Return all lines of the listing below that carry the word "folded".

---+---

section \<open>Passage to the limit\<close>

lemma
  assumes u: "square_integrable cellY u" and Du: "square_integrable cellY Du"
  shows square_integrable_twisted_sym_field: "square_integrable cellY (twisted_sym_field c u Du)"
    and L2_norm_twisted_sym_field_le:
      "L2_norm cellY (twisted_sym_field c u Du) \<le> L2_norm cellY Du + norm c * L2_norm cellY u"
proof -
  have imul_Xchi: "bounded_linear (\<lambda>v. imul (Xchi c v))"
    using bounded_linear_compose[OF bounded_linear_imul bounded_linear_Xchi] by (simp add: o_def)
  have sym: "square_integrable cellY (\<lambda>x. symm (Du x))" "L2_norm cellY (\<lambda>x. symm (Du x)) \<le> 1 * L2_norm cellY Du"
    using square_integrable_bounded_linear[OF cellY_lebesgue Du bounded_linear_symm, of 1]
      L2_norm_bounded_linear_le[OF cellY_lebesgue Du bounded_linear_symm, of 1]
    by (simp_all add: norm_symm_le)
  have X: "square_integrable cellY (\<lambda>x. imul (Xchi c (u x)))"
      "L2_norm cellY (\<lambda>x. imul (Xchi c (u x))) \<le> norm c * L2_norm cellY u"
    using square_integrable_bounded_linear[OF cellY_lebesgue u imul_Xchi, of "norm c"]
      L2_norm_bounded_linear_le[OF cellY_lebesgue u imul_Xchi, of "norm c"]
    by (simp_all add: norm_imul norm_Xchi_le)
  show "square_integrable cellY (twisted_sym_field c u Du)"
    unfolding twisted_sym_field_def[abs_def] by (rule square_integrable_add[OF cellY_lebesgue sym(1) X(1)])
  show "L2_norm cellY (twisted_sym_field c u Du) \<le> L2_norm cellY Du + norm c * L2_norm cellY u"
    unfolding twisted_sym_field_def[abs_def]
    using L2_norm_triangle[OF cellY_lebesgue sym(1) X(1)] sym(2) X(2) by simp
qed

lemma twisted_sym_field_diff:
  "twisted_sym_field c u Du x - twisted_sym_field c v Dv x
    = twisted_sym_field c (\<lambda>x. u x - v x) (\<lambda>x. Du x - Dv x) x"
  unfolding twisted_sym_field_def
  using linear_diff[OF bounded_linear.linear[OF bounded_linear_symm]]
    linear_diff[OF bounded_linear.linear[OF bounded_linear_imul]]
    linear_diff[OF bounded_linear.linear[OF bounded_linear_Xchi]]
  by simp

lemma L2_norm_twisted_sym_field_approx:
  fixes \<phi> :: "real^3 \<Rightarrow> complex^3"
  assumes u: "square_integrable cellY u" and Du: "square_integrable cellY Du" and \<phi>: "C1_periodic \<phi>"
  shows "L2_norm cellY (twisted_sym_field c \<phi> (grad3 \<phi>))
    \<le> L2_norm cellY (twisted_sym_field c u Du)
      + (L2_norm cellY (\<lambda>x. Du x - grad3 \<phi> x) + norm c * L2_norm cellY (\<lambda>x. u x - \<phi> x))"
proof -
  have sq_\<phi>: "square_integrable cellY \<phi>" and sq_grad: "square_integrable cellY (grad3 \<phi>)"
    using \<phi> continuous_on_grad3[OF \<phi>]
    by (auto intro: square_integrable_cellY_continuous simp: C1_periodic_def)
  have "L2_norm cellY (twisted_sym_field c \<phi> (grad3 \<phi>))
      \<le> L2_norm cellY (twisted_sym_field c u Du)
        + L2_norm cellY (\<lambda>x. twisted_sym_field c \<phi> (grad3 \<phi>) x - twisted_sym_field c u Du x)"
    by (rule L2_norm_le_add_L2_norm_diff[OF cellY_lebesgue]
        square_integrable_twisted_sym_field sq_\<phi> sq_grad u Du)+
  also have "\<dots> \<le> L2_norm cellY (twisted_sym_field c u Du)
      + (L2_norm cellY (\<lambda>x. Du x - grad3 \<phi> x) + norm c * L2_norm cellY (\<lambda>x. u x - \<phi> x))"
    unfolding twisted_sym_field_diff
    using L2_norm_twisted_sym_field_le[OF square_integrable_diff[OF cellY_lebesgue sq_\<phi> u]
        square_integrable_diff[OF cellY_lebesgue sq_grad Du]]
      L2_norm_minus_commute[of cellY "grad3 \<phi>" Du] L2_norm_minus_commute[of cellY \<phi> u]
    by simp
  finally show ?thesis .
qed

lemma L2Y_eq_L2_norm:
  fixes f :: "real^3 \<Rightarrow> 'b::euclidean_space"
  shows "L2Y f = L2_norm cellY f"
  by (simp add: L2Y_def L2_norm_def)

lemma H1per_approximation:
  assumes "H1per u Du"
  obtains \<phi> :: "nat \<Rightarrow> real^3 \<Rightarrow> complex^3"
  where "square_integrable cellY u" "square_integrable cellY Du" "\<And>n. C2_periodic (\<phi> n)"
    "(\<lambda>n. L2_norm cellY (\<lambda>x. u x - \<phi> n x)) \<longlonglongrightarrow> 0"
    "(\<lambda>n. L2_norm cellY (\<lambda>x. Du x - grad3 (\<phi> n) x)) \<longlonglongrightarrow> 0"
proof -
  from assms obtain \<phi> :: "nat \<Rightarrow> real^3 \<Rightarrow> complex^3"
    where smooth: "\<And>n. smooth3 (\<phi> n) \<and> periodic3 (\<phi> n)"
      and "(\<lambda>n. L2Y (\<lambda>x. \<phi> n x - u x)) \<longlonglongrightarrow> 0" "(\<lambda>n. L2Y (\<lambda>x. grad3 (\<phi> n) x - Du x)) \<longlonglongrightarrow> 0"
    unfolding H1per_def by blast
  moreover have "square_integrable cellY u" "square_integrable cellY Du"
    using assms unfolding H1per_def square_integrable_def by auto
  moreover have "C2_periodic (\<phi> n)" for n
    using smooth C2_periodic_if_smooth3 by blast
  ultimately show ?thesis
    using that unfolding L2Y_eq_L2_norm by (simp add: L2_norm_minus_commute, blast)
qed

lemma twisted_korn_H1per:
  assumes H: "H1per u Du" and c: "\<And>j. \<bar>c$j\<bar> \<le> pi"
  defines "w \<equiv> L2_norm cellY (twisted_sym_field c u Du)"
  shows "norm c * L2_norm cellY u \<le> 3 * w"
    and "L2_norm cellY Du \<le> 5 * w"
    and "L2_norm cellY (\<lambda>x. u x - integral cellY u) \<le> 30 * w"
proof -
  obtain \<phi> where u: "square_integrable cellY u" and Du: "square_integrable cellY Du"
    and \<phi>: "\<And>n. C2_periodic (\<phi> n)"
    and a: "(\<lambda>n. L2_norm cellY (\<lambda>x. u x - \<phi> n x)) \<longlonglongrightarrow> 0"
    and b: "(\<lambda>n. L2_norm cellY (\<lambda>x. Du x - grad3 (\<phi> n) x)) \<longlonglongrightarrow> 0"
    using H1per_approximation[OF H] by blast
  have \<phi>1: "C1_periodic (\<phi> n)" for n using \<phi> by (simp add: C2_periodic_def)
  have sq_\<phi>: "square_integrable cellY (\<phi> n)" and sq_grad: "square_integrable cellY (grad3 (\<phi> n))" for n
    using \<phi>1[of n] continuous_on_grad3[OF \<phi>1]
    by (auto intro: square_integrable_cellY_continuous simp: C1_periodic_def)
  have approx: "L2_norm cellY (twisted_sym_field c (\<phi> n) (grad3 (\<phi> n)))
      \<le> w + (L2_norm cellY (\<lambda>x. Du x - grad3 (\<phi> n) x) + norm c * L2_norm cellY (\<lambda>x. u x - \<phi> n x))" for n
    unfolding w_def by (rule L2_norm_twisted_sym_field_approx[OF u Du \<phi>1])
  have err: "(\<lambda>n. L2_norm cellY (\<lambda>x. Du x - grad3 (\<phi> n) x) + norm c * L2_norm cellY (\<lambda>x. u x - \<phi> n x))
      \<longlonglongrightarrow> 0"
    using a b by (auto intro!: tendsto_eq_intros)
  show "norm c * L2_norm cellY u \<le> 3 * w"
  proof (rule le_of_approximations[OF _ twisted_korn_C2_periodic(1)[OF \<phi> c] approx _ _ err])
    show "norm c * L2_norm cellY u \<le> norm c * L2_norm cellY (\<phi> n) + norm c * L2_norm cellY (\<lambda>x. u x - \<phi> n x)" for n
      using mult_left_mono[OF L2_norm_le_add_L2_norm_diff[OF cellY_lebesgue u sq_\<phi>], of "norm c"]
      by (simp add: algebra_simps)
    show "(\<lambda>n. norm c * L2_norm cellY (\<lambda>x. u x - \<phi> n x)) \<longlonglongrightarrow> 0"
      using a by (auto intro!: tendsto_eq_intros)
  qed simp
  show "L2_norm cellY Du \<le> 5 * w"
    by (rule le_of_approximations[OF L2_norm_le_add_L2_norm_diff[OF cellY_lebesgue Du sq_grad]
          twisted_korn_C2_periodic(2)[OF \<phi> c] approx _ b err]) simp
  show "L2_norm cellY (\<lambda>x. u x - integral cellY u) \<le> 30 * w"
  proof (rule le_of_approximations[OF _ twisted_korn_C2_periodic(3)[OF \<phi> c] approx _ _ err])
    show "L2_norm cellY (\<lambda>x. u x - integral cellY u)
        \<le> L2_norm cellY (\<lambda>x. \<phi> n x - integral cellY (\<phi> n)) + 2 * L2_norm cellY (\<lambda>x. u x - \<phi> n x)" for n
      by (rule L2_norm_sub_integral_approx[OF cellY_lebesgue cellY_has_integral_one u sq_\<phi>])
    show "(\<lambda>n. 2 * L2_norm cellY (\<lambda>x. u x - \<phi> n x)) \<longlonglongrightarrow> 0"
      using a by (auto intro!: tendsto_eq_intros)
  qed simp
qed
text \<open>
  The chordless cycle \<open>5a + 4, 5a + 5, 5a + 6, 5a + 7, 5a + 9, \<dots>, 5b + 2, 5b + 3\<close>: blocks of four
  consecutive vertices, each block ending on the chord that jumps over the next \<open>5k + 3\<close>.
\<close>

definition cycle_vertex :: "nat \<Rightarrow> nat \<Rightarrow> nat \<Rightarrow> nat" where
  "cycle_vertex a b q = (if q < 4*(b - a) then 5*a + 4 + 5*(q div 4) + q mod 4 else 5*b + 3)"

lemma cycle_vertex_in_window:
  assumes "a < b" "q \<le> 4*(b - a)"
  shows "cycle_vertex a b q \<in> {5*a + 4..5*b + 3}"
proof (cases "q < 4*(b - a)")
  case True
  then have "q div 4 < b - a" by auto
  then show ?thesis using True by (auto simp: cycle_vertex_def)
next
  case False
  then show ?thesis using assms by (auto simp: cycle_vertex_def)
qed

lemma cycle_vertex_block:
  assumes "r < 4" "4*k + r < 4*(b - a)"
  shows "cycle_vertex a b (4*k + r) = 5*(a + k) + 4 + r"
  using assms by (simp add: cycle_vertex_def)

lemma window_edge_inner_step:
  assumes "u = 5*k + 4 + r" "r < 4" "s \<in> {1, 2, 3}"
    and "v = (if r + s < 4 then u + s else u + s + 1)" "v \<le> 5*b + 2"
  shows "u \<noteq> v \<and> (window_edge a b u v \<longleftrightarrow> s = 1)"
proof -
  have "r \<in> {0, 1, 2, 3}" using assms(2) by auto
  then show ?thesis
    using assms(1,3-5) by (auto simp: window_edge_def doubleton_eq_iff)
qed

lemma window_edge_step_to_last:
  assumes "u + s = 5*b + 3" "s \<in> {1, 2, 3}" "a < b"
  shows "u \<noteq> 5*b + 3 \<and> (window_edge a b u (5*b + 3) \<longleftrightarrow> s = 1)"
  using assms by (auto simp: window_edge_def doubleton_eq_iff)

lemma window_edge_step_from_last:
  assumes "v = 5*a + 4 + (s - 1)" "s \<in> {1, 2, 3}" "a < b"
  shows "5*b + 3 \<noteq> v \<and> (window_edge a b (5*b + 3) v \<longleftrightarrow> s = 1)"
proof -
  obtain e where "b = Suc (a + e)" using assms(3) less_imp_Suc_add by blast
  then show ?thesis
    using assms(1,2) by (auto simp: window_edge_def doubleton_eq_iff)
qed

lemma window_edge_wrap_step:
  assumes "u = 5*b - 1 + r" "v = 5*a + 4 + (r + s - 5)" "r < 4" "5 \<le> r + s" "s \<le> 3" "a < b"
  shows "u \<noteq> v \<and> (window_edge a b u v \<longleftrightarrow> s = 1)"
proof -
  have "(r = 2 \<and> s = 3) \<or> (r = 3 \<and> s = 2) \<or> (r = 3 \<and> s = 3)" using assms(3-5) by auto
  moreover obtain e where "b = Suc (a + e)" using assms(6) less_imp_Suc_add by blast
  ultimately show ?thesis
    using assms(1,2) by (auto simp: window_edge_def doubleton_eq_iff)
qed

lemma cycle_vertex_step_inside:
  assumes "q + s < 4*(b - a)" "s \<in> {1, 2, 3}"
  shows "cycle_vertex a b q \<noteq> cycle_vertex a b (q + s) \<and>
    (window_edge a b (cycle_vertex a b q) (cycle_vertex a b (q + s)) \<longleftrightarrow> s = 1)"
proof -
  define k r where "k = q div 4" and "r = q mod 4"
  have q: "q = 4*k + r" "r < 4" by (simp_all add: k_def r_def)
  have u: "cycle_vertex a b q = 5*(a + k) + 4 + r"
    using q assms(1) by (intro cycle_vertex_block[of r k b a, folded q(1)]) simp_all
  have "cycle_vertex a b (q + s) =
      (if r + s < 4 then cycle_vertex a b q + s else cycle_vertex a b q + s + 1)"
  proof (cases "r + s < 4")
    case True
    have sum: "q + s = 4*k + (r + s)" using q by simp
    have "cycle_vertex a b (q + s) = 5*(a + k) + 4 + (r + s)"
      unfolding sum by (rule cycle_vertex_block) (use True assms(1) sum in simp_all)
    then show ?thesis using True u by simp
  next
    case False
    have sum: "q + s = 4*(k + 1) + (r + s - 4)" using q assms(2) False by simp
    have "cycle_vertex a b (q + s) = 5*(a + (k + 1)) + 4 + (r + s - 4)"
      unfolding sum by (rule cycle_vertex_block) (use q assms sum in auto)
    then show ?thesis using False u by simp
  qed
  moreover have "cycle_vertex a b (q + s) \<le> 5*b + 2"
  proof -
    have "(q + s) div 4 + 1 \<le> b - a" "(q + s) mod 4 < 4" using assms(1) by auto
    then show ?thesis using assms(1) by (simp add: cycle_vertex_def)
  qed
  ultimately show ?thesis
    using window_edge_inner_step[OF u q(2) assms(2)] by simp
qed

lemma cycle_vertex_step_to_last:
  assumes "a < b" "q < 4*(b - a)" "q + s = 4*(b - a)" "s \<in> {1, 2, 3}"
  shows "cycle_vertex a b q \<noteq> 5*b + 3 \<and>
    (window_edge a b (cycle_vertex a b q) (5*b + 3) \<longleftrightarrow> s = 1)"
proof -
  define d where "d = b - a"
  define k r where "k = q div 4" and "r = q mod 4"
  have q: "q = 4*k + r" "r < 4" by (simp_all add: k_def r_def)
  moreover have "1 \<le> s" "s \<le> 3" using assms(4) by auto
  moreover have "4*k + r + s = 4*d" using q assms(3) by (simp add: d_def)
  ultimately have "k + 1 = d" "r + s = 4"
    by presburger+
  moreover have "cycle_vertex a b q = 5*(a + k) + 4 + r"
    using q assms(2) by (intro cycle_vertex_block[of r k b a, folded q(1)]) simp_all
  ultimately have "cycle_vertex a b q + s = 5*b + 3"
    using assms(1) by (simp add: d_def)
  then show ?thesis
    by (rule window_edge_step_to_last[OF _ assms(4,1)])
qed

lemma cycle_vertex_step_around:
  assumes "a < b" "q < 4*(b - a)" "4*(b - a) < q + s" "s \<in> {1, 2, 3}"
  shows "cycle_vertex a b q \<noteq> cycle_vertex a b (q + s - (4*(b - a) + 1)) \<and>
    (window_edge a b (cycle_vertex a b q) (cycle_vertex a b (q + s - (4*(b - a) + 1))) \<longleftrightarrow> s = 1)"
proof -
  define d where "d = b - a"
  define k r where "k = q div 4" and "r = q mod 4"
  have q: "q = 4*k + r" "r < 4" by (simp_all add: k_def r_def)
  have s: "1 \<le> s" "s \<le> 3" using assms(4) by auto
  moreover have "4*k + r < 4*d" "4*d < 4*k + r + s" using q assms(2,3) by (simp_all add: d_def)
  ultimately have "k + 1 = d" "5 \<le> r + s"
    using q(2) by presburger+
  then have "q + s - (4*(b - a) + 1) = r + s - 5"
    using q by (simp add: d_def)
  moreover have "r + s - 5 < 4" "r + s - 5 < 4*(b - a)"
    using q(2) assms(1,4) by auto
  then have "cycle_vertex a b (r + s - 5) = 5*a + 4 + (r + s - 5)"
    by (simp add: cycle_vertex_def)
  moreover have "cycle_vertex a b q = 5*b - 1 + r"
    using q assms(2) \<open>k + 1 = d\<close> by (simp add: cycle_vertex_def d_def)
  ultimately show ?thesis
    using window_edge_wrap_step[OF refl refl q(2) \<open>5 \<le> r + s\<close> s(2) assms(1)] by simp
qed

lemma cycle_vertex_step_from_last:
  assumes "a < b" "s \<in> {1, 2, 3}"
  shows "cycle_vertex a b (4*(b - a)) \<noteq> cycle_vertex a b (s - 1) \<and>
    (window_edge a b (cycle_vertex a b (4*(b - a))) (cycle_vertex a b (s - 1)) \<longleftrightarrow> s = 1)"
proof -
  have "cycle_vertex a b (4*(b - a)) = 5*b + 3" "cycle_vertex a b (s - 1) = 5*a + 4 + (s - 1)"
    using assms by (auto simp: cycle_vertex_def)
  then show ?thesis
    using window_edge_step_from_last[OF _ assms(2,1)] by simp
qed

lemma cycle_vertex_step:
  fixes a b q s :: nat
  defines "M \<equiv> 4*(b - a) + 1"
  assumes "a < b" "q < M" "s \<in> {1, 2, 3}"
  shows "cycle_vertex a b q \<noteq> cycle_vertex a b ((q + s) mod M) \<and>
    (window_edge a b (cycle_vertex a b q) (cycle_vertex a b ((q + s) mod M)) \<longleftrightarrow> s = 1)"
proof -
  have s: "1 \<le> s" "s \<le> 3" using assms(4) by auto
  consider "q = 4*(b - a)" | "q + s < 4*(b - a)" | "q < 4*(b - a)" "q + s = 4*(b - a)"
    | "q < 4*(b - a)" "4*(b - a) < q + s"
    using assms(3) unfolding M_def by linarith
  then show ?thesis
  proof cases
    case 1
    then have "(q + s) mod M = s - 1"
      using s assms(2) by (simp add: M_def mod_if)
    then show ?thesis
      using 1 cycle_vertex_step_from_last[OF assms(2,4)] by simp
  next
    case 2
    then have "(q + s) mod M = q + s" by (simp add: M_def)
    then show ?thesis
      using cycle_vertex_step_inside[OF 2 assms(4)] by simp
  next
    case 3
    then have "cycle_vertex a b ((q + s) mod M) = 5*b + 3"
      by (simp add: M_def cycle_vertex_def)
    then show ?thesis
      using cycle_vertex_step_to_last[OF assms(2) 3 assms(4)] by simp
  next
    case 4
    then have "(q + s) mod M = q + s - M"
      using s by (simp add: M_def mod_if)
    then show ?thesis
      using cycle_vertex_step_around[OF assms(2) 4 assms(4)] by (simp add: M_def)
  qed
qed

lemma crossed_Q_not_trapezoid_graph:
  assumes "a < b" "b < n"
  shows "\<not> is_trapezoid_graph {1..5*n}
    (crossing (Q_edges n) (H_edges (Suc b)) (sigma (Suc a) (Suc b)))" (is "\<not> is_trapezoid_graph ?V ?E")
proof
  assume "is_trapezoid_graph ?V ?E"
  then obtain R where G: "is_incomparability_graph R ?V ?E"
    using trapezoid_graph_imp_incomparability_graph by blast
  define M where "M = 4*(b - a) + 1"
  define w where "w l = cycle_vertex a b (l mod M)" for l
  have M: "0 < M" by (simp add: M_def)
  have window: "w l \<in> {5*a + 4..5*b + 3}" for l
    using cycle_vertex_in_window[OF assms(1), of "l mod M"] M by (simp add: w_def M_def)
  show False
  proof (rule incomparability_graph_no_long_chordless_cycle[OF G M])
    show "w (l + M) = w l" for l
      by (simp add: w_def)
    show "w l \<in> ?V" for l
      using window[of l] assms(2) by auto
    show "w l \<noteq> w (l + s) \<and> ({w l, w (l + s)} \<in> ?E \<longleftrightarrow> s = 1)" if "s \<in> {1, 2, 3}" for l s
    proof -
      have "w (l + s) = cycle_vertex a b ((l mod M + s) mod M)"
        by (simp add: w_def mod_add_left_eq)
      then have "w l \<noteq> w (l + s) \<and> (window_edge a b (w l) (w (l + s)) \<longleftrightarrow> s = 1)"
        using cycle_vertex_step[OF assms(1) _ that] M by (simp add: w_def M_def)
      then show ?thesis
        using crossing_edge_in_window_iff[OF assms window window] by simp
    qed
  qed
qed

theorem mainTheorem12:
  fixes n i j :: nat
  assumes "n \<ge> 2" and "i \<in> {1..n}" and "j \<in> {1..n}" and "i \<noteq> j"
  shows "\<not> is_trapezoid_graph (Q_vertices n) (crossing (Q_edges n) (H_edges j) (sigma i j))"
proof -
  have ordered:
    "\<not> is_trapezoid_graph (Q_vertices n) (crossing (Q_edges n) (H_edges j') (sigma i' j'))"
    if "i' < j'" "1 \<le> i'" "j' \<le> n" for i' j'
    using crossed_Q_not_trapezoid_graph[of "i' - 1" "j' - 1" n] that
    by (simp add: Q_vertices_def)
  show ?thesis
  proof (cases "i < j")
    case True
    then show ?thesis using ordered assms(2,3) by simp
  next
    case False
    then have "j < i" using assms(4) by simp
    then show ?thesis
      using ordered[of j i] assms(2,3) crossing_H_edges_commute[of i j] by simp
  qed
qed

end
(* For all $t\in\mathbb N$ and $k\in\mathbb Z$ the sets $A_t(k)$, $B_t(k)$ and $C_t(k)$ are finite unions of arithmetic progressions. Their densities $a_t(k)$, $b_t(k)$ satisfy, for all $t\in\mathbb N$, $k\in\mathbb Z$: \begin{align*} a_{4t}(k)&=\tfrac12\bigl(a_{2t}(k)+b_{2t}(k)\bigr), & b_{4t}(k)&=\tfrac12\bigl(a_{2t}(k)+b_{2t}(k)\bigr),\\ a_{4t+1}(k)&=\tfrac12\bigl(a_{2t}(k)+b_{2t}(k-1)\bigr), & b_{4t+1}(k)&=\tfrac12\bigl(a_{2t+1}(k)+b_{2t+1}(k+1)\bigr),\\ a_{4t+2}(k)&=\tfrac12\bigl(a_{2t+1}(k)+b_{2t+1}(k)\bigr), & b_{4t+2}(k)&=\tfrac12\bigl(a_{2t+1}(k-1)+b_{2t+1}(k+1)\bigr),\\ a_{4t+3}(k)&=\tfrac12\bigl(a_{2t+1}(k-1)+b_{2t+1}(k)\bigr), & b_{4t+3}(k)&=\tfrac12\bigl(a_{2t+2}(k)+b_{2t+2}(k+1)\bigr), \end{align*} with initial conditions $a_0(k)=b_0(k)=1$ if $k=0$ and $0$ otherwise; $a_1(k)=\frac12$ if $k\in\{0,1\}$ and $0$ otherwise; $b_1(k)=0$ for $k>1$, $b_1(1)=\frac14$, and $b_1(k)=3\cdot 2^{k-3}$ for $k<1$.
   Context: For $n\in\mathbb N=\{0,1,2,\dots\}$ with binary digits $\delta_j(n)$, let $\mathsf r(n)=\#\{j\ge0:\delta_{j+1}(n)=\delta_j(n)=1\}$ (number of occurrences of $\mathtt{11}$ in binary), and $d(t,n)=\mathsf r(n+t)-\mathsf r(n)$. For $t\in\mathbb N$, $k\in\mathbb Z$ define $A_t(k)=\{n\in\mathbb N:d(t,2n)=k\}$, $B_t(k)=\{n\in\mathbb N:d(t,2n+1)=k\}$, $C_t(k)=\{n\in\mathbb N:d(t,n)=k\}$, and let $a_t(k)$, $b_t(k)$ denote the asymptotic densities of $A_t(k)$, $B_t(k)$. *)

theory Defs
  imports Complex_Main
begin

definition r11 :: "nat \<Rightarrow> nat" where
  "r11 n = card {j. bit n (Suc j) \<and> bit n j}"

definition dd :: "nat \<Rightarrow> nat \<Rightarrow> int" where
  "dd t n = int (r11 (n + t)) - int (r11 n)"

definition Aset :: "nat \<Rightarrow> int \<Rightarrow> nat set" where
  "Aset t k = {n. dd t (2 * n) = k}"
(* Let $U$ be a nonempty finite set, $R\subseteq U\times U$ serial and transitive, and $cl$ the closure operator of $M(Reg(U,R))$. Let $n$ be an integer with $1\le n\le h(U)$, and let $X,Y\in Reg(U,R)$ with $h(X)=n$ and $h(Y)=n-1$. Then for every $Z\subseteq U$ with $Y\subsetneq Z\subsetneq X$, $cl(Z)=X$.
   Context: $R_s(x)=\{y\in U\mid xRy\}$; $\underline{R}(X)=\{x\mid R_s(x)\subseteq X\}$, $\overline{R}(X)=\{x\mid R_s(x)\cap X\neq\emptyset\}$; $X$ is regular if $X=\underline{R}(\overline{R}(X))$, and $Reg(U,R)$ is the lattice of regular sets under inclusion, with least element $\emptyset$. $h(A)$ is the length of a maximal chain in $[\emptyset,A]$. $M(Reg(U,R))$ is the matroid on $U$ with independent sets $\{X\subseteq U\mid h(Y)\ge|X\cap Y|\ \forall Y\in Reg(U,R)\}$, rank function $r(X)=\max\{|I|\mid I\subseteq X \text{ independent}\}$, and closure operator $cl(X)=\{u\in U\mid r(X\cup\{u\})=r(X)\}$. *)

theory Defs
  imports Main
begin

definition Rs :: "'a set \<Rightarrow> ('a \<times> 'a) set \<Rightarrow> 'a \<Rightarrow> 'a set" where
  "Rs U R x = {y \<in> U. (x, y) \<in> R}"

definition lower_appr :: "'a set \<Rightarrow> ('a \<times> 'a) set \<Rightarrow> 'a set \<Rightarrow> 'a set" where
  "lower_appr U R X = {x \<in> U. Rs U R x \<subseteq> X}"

---+---

[RESPONSE FOR THIS EXERCISE]
    using q assms(1) by (intro cycle_vertex_block[of r k b a, folded q(1)]) simp_all
    using q assms(2) by (intro cycle_vertex_block[of r k b a, folded q(1)]) simp_all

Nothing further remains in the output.